lemma Mop_eq_const_iff:
  fixes U :: "nat \<Rightarrow> 'a::{real_inner,complete_space} set"
  assumes n: "2 \<le> n" and U: "\<forall>j\<in>{1..n}. closed_subspace (U j)" and x: "\<forall>j\<in>{1..n}. x \<in> U j"
    and e: "e \<in> tup (n - 1)"
  shows "(\<forall>i\<in>{1..n}. Mop n U (\<lambda>i. tconst (n - 1) x i + e i) i = x)
           \<longleftrightarrow> e \<in> perp_increments (n - 1) n U"
proof -
  define z where "z = (\<lambda>i. tconst (n - 1) x i + e i)"
  let ?x = "mx (\<lambda>j. proj (U j)) z"
  have split: "{1..n} = insert n {1..n - 1}" using n by auto
  have e0: "e 0 = 0" and en: "e n = 0" using tup_outside[OF e] n by auto
  have zi: "z i = x + e i" if "i \<in> {1..n - 1}" for i using that by (simp add: z_def tconst_def)
  have first: "(\<forall>i\<in>{1..n - 1}. ?x i = x) \<longleftrightarrow> (\<forall>i\<in>{1..n - 1}. e i - e (i - 1) \<in> perp (U i))"
    by (rule mx_eq_const_iff) (use U x zi e0 in auto)
  \<comment> \<open>the last entry of \<open>M z\<close> has the same shape as the others because \<open>e n = 0\<close>\<close>
  have last: "Mop n U z n = proj (U n) (x + (e n - e (n - 1)))" if "\<forall>i\<in>{1..n - 1}. ?x i = x"
  proof -
    have "?x 1 = x" "?x (n - 1) = x" "z (n - 1) = x + e (n - 1)"
      using that zi n by (auto simp del: mx.simps)
    moreover have "\<not> n \<le> n - 1" using n by simp
    ultimately show ?thesis using en by (simp add: Mop_def algebra_simps del: mx.simps)
  qed
  have "(\<forall>i\<in>{1..n}. Mop n U z i = x) \<longleftrightarrow> (\<forall>i\<in>{1..n - 1}. ?x i = x) \<and> Mop n U z n = x"
    unfolding split by (auto simp: Mop_def)
  also have "\<dots> \<longleftrightarrow> (\<forall>i\<in>{1..n - 1}. e i - e (i - 1) \<in> perp (U i)) \<and> e n - e (n - 1) \<in> perp (U n)"
  proof (cases "\<forall>i\<in>{1..n - 1}. ?x i = x")
    case True
    have "closed_subspace (U n)" "x \<in> U n" using U x n by auto
    then show ?thesis
      using True first last[OF True] proj_add_eq_iff[of "U n" x "e n - e (n - 1)"] by simp
  qed (use first in blast)
  also have "\<dots> \<longleftrightarrow> e \<in> perp_increments (n - 1) n U"
    using e unfolding perp_increments_def split by (simp add: conj_commute)
  finally show ?thesis by (simp add: z_def)
qed

lemma consecutive_eq_iff_eq_first:
  "(\<forall>i\<in>{1..m}. f (Suc i) = f i) \<longleftrightarrow> (\<forall>i\<in>{1..Suc m}. f i = f 1)"
proof
  assume step: "\<forall>i\<in>{1..m}. f (Suc i) = f i"
  have const: "f i = f 1" if "1 \<le> i" "i \<le> Suc m" for i
    using that
  proof (induction i)
    case (Suc i)
    show ?case
    proof (cases "i = 0")
      case False
      then have "i \<in> {1..m}" "1 \<le> i" "i \<le> Suc m" using Suc.prems by auto
      then have "f (Suc i) = f i" "f i = f 1" using step Suc.IH by blast+
      then show ?thesis by (rule trans)
    qed simp
  qed simp
  show "\<forall>i\<in>{1..Suc m}. f i = f 1"
  proof
    fix i assume "i \<in> {1..Suc m}"
    then have "1 \<le> i" "i \<le> Suc m" by auto
    then show "f i = f 1" by (rule const)
  qed
next
  assume const: "\<forall>i\<in>{1..Suc m}. f i = f 1"
  show "\<forall>i\<in>{1..m}. f (Suc i) = f i"
  proof
    fix i assume "i \<in> {1..m}"
    then have "Suc i \<in> {1..Suc m}" and "i \<in> {1..Suc m}" by auto
    then show "f (Suc i) = f i" by (rule trans[OF bspec[OF const] sym[OF bspec[OF const]]])
  qed
qed

lemma Top_fixed_iff:
  assumes "1 \<le> n" and z: "z \<in> tup (n - 1)"
  shows "Top n U z = z \<longleftrightarrow> (\<forall>i\<in>{1..n}. Mop n U z i = Mop n U z 1)"
proof -
  have "Top n U z = z \<longleftrightarrow> (\<forall>i\<in>{1..n - 1}. Mop n U z (Suc i) = Mop n U z i)"
    using tup_outside[OF z] by (auto simp: Top_def fun_eq_iff)
  also have "\<dots> \<longleftrightarrow> (\<forall>i\<in>{1..n}. Mop n U z i = Mop n U z 1)"
    using consecutive_eq_iff_eq_first[of "n - 1" "Mop n U z"] assms(1) by simp
  finally show ?thesis .
qed

lemma FixT_eq:
  fixes U :: "nat \<Rightarrow> 'a::{real_inner,complete_space} set"
  assumes n: "2 \<le> n" and U: "\<forall>i\<in>{1..n}. closed_subspace (U i)"
  shows "FixT n U = {(\<lambda>i. d i + e i) | d e. d \<in> diag (n - 1) (\<Inter>i\<in>{1..n}. U i) \<and> e \<in> Eset n U}"
proof (intro equalityI subsetI)
  fix z assume "z \<in> FixT n U"
  then have z: "z \<in> tup (n - 1)" and "Top n U z = z" by (auto simp: FixT_def)
  define x where "x = Mop n U z 1"
  have "1 \<le> n" using n by simp
  with z \<open>Top n U z = z\<close> have const: "\<forall>i\<in>{1..n}. Mop n U z i = x"
    unfolding x_def using Top_fixed_iff by blast
  then have x: "\<forall>j\<in>{1..n}. x \<in> U j" using Mop_in[OF U] by metis
  define e where "e i = z i - tconst (n - 1) x i" for i
  have e: "e \<in> tup (n - 1)" using z by (auto simp: e_def tup_def tconst_def)
  have ze: "z = (\<lambda>i. tconst (n - 1) x i + e i)" by (simp add: e_def)
  have "\<forall>i\<in>{1..n}. Mop n U (\<lambda>i. tconst (n - 1) x i + e i) i = x" using const by (simp add: ze)
  then have "e \<in> Eset n U" using Mop_eq_const_iff[OF n U x e] n by (simp add: Eset_eq)
  moreover have "tconst (n - 1) x \<in> diag (n - 1) (\<Inter>i\<in>{1..n}. U i)" using x by (auto simp: diag_iff)
  ultimately show "z \<in> {(\<lambda>i. d i + e i) | d e. d \<in> diag (n - 1) (\<Inter>i\<in>{1..n}. U i) \<and> e \<in> Eset n U}"
    using ze by blast
next
  fix z assume "z \<in> {(\<lambda>i. d i + e i) | d e. d \<in> diag (n - 1) (\<Inter>i\<in>{1..n}. U i) \<and> e \<in> Eset n U}"
  then obtain x e where x: "\<forall>j\<in>{1..n}. x \<in> U j" and "e \<in> Eset n U"
    and ze: "z = (\<lambda>i. tconst (n - 1) x i + e i)"
    by (auto simp: diag_iff)
  then have eE: "e \<in> perp_increments (n - 1) n U" and e: "e \<in> tup (n - 1)"
    using n by (auto simp: Eset_eq perp_increments_def)
  have "\<forall>i\<in>{1..n}. Mop n U z i = x" using Mop_eq_const_iff[OF n U x e] eE ze by simp
  moreover have "z \<in> tup (n - 1)" using e by (auto simp: ze tup_def tconst_def)
  ultimately show "z \<in> FixT n U" using Top_fixed_iff[of n z U] n by (simp add: FixT_def)
qed

section \<open>Projection onto \<open>Fix T\<close>\<close>

lemma tsubspace_diag:
  assumes "subspace Z"
  shows "tsubspace k (diag k Z)"
  unfolding tsubspace_def
proof (intro conjI ballI allI)
  show "diag k Z \<subseteq> tup k" by (auto simp: diag_iff tconst_in_tup)
  show "(\<lambda>_. 0) \<in> diag k Z"
    using subspace_0[OF assms] by (auto simp: diag_iff tconst_def intro!: bexI[of _ 0])
  fix y y' a b assume "y \<in> diag k Z" "y' \<in> diag k Z"
  then obtain x x' where "x \<in> Z" "x' \<in> Z" "y = tconst k x" "y' = tconst k x'"
    by (auto simp: diag_iff)
  then show "(\<lambda>i. a *\<^sub>R y i + b *\<^sub>R y' i) \<in> diag k Z"
    using assms unfolding diag_iff
    by (intro bexI[of _ "a *\<^sub>R x + b *\<^sub>R x'"]) (auto simp: tconst_def subspace_add subspace_scale)
qed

^^^^^^^^^^^^^^^^

• _TASK DESCRIPTION_: Search the records for the word "moreover" and return every line that holds it.

• _EXPECTED ANSWER_:
    moreover have "\<not> n \<le> n - 1" using n by simp
  moreover have "tconst (n - 1) x \<in> diag (n - 1) (\<Inter>i\<in>{1..n}. U i)" using x by (auto simp: diag_iff)
  moreover have "z \<in> tup (n - 1)" using e by (auto simp: ze tup_def tconst_def)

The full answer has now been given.